The goal of the Mooncake.jl project is to produce an AD package written entirely in Julia that improves on ForwardDiff.jl, ReverseDiff.jl, and Zygote.jl in several ways.
Please refer to the docs for more info.
Important
Mooncake.jl is maintained primarily by academic researchers at grant-funded
institutions, with correspondingly limited capacity for triage and review. In the spirit of
long-lived projects such as R and TeX, we favour correctness, stability,
and tightly scoped fixes over open-ended expansion.

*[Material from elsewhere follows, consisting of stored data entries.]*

lemma matpow_fixpoint_eq_0:
  fixes A :: "real^'n::finite^'n"
  assumes "spectral_radius A < 1" "0 < l" "matpow A l *v v = v"
  shows "v = 0"
proof -
  obtain r K where r: "0 < r" "r < 1" and K: "\<And>k v. norm (matpow A k *v v) \<le> K * r ^ k * norm v"
    using matpow_decay[OF assms(1)] by metis
  have "matpow A (l * j) *v v = v" for j
    by (induction j) (simp_all add: matpow_add assms(3) flip: matrix_vector_mul_assoc)
  then have "norm v \<le> K * norm v * (r ^ l) ^ j" for j
    using K[of "l * j" v] by (simp add: mult_ac flip: power_mult)
  moreover have "(\<lambda>j. K * norm v * (r ^ l) ^ j) \<longlonglongrightarrow> 0"
    using r assms(2) by (intro tendsto_mult_right_zero LIMSEQ_power_zero) (simp add: power_less_one_iff)
  ultimately have "norm v \<le> 0"
    by (intro LIMSEQ_le_const) auto
  then show ?thesis by simp
qed

lemma inj_on_iff_fixpoint_free:
  fixes B :: "real^'n::finite^'n"
  assumes "\<And>x. x \<in> P \<Longrightarrow> f x = g x + B *v f x" "\<And>v. B *v v = v \<Longrightarrow> v = 0"
  shows "inj_on f P \<longleftrightarrow> inj_on g P"
proof -
  define h where "h v = v - B *v v" for v
  have "inj h"
  proof (rule injI)
    fix u u' assume "h u = h u'"
    then have "B *v (u - u') = u - u'"
      by (simp add: h_def matrix_vector_mult_diff_distrib algebra_simps)
    then show "u = u'"
      using assms(2) by fastforce
  qed
  have "g x = h (f x)" if "x \<in> P" for x
    using assms(1)[OF that] unfolding h_def by (metis add_diff_cancel_right')
  then have "inj_on g P \<longleftrightarrow> inj_on (h \<circ> f) P"
    by (intro inj_on_cong) simp
  also have "\<dots> \<longleftrightarrow> inj_on f P"
    by (simp add: inj_on_def inj_eq[OF \<open>inj h\<close>])
  finally show ?thesis ..
qed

Contributions are most welcome when they concern reproducible defects: incorrect results, unexpected failures, or behaviour at odds with the documented scope. Feature requests, redesign proposals, and debugging queries lacking a minimal reproducible example sit outside what we can reasonably support, as do requests for rules beyond Julia Base, or for behaviour noted on the known limitations page; such issues will generally be closed.

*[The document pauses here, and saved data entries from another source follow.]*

lemma integrable_kernel_mult_shift:
  fixes h \<psi> :: "real \<Rightarrow> real"
  assumes "integrable lborel h" "\<psi> \<in> borel_measurable borel" "\<And>x. \<bar>\<psi> x\<bar> \<le> B"
  shows "integrable lborel (\<lambda>y. h y * \<psi> (x - y))"
proof (rule Bochner_Integration.integrable_bound)
  show "integrable lborel (\<lambda>y. B * h y)" using assms(1) by simp
  show "(\<lambda>y. h y * \<psi> (x - y)) \<in> borel_measurable lborel"
    using assms(1,2) by (auto intro!: borel_measurable_times measurable_compose[OF _ assms(2)])
  show "AE y in lborel. norm (h y * \<psi> (x - y)) \<le> norm (B * h y)"
  proof (rule AE_I2)
    fix y
    have "\<bar>h y\<bar> * \<bar>\<psi> (x - y)\<bar> \<le> \<bar>h y\<bar> * \<bar>B\<bar>"
      using assms(3) by (meson abs_ge_self abs_ge_zero mult_left_mono order_trans)
    then show "norm (h y * \<psi> (x - y)) \<le> norm (B * h y)"
      by (simp add: abs_mult mult.commute)
  qed
qed

lemma conv_mem_Icc:
  assumes h_nonneg: "\<And>x. h x \<ge> 0" and "integrable lborel h" and h_unit: "(LINT x|lborel. h x) = 1"
    and "\<phi> \<in> borel_measurable borel" and range: "\<And>x. \<phi> x \<in> {0..K}"
  shows "conv h \<phi> x \<in> {0..K}"
  unfolding atLeastAtMost_iff
proof
  show "0 \<le> conv h \<phi> x"
    unfolding conv_def using h_nonneg range by (intro integral_nonneg_AE) auto
  have "\<bar>\<phi> x\<bar> \<le> K" for x
    using range[of x] by auto
  then have "integrable lborel (\<lambda>y. h y * \<phi> (x - y))"
    using assms by (intro integrable_kernel_mult_shift)
  then have "conv h \<phi> x \<le> (LINT y|lborel. K * h y)"
    unfolding conv_def using range h_nonneg \<open>integrable lborel h\<close>
    by (intro integral_mono) (auto simp: mult.commute[of K] intro!: mult_left_mono)
  also have "\<dots> = K"
    using h_unit by simp
  finally show "conv h \<phi> x \<le> K" .
qed

lemma mono_conv:
  assumes "\<And>x. h x \<ge> 0" and "integrable lborel h" and "mono \<phi>" and "\<And>x. \<bar>\<phi> x\<bar> \<le> B"
  shows "mono (conv h \<phi>)"
proof
  fix x y :: real assume "x \<le> y"
  have "integrable lborel (\<lambda>t. h t * \<phi> (z - t))" for z
    using assms by (intro integrable_kernel_mult_shift borel_measurable_mono)
  then show "conv h \<phi> x \<le> conv h \<phi> y"
    unfolding conv_def using assms \<open>x \<le> y\<close>
    by (intro integral_mono) (auto intro!: mult_left_mono monoD[OF \<open>mono \<phi>\<close>])
qed

text \<open>\<open>w\<close> stands for the delayed nonlocal argument \<open>\<xi> \<mapsto> (h * \<phi>)(\<xi> - c \<tau>)\<close>; only its range
  and monotonicity matter.\<close>
locale monotone_wave_profile =
  fixes d c K :: real and f :: "real \<Rightarrow> real \<Rightarrow> real" and \<phi> w :: "real \<Rightarrow> real"
  assumes d_pos: "d > 0" and c_pos: "c > 0"
    and phi_differentiable: "\<And>x. \<phi> differentiable (at x)"
    and deriv_phi_nonneg: "\<And>x. deriv \<phi> x \<ge> 0"
    and phi_range: "\<And>x. \<phi> x \<in> {0..K}"
    and w_range: "\<And>x. w x \<in> {0..K}"
    and w_mono: "mono w"
    and f_mono_right: "\<And>u a b. u \<in> {0..K} \<Longrightarrow> 0 \<le> a \<Longrightarrow> a \<le> b \<Longrightarrow> b \<le> K \<Longrightarrow> f u a \<le> f u b"
    and f_differentiable_left:
      "\<And>u v. u \<in> {0..K} \<Longrightarrow> v \<in> {0..K} \<Longrightarrow> (\<lambda>x. f x v) differentiable (at u within {0..K})"
    and wave_equation: "\<And>x. c * deriv \<phi> x = d * Delta1 \<phi> x + f (\<phi> x) (w x)"
begin

lemma phi_has_deriv: "(\<phi> has_real_derivative deriv \<phi> x) (at x)"
  using phi_differentiable DERIV_deriv_iff_real_differentiable by blast

lemma phi_mono: "mono \<phi>"
  using phi_differentiable deriv_phi_nonneg by (rule mono_if_deriv_nonneg)

lemma continuous_phi: "continuous_on UNIV \<phi>"
  using phi_has_deriv DERIV_continuous continuous_at_imp_continuous_on by blast

lemma deriv_bound_left_of_critical_point:
  assumes crit: "deriv \<phi> \<xi>0 = 0"
  obtains M e where "e > 0" "\<And>\<eta>. \<eta> \<in> {\<xi>0 - e..\<xi>0} \<Longrightarrow> c * deriv \<phi> \<eta> \<le> M * (\<phi> \<xi>0 - \<phi> \<eta>)"
proof -
  define u0 w0 where "u0 = \<phi> \<xi>0" and "w0 = w \<xi>0"
  obtain L r where "r > 0"
    and Lipschitz: "\<And>u. u \<in> {0..K} \<Longrightarrow> \<bar>u - u0\<bar> < r \<Longrightarrow> \<bar>f u w0 - f u0 w0\<bar> \<le> L * \<bar>u - u0\<bar>"
    using local_Lipschitz_if_differentiable_within[OF f_differentiable_left[OF phi_range w_range]]
    unfolding u0_def w0_def by blast
  have "isCont \<phi> \<xi>0"
    using phi_has_deriv by (rule DERIV_isCont)
  then obtain \<delta> where "\<delta> > 0" and close: "\<And>\<eta>. dist \<eta> \<xi>0 < \<delta> \<Longrightarrow> dist (\<phi> \<eta>) u0 < r"
    unfolding continuous_at_eps_delta u0_def using \<open>r > 0\<close> by blast
  define e where "e = \<delta> / 2"
  have "c * deriv \<phi> \<eta> \<le> (2 * d + L) * (u0 - \<phi> \<eta>)" if \<eta>: "\<eta> \<in> {\<xi>0 - e..\<xi>0}" for \<eta>
  proof -
    have at_crit: "0 = d * Delta1 \<phi> \<xi>0 + f u0 w0"
      using wave_equation[of \<xi>0] crit unfolding u0_def w0_def by simp
    have "\<phi> \<eta> \<le> u0"
      using \<eta> unfolding u0_def by (auto intro!: monoD[OF phi_mono])
    have "Delta1 \<phi> \<eta> - Delta1 \<phi> \<xi>0 \<le> 2 * (u0 - \<phi> \<eta>)"
      using Delta1_diff_le_of_mono[OF phi_mono] \<eta> unfolding u0_def by simp
    then have "d * Delta1 \<phi> \<eta> - d * Delta1 \<phi> \<xi>0 \<le> 2 * d * (u0 - \<phi> \<eta>)"
      using mult_left_mono[of _ _ d] d_pos by (fastforce simp: algebra_simps)
    moreover have "f (\<phi> \<eta>) (w \<eta>) \<le> f (\<phi> \<eta>) w0"
      using f_mono_right phi_range w_range w_mono \<eta> unfolding w0_def
      by (meson atLeastAtMost_iff monoD)
    moreover have "f (\<phi> \<eta>) w0 - f u0 w0 \<le> L * (u0 - \<phi> \<eta>)"
    proof -
      have "\<bar>\<phi> \<eta> - u0\<bar> < r"
        using close[of \<eta>] \<eta> \<open>\<delta> > 0\<close> unfolding e_def dist_real_def by auto
      then have "\<bar>f (\<phi> \<eta>) w0 - f u0 w0\<bar> \<le> L * \<bar>\<phi> \<eta> - u0\<bar>"
        by (rule Lipschitz[OF phi_range])
      moreover have "\<bar>\<phi> \<eta> - u0\<bar> = u0 - \<phi> \<eta>"
        using \<open>\<phi> \<eta> \<le> u0\<close> by arith
      ultimately show ?thesis by simp
    qed
    moreover have "(2 * d + L) * (u0 - \<phi> \<eta>) = 2 * d * (u0 - \<phi> \<eta>) + L * (u0 - \<phi> \<eta>)"
      by (simp add: algebra_simps)
    ultimately show ?thesis
      using wave_equation[of \<eta>] at_crit by linarith
  qed
  moreover have "e > 0"
    using \<open>\<delta> > 0\<close> unfolding e_def by simp
  ultimately show ?thesis
    using that unfolding u0_def by blast
qed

Organisations relying on Mooncake.jl commercially are warmly encouraged to contribute, whether through focused code contributions, financial support, or both.
Check that you're running a version of Julia that Mooncake.jl supports.
See the SUPPORT_POLICY.md file for more info.
There are several ways to interact with Mooncake.jl. To interact directly with Mooncake.jl, use Mooncake's native API, which allows reuse of prepared caches for repeated gradient and Hessian evaluations:
import Mooncake as MC
f(x) = (1 - x[1])^2 + 100 * (x[2] - x[1]^2)^2 # Rosenbrock
x = [1.2, 1.2]
# Reverse mode
grad_cache = MC.prepare_gradient_cache(f, x);
val, grad = MC.value_and_gradient!!(grad_cache, f, x)
# Forward mode
fwd_cache = MC.prepare_derivative_cache(f, x);
val_fwd, grad_fwd = MC.value_and_gradient!!(fwd_cache, f, x)
# Hessian
hess_cache = MC.prepare_hessian_cache(f, x);
val, grad, H = MC.value_gradient_and_hessian!!(hess_cache, f, x)
# val : f(x)
# grad : ∇f(x) (length-n vector)
# H : ∇²f(x) (n×n matrix)You should expect that MC.prepare_*_cache take a little time to run, but that subsequent gradient and hessian calls using the prepared caches are fast. For details, see the interface docs.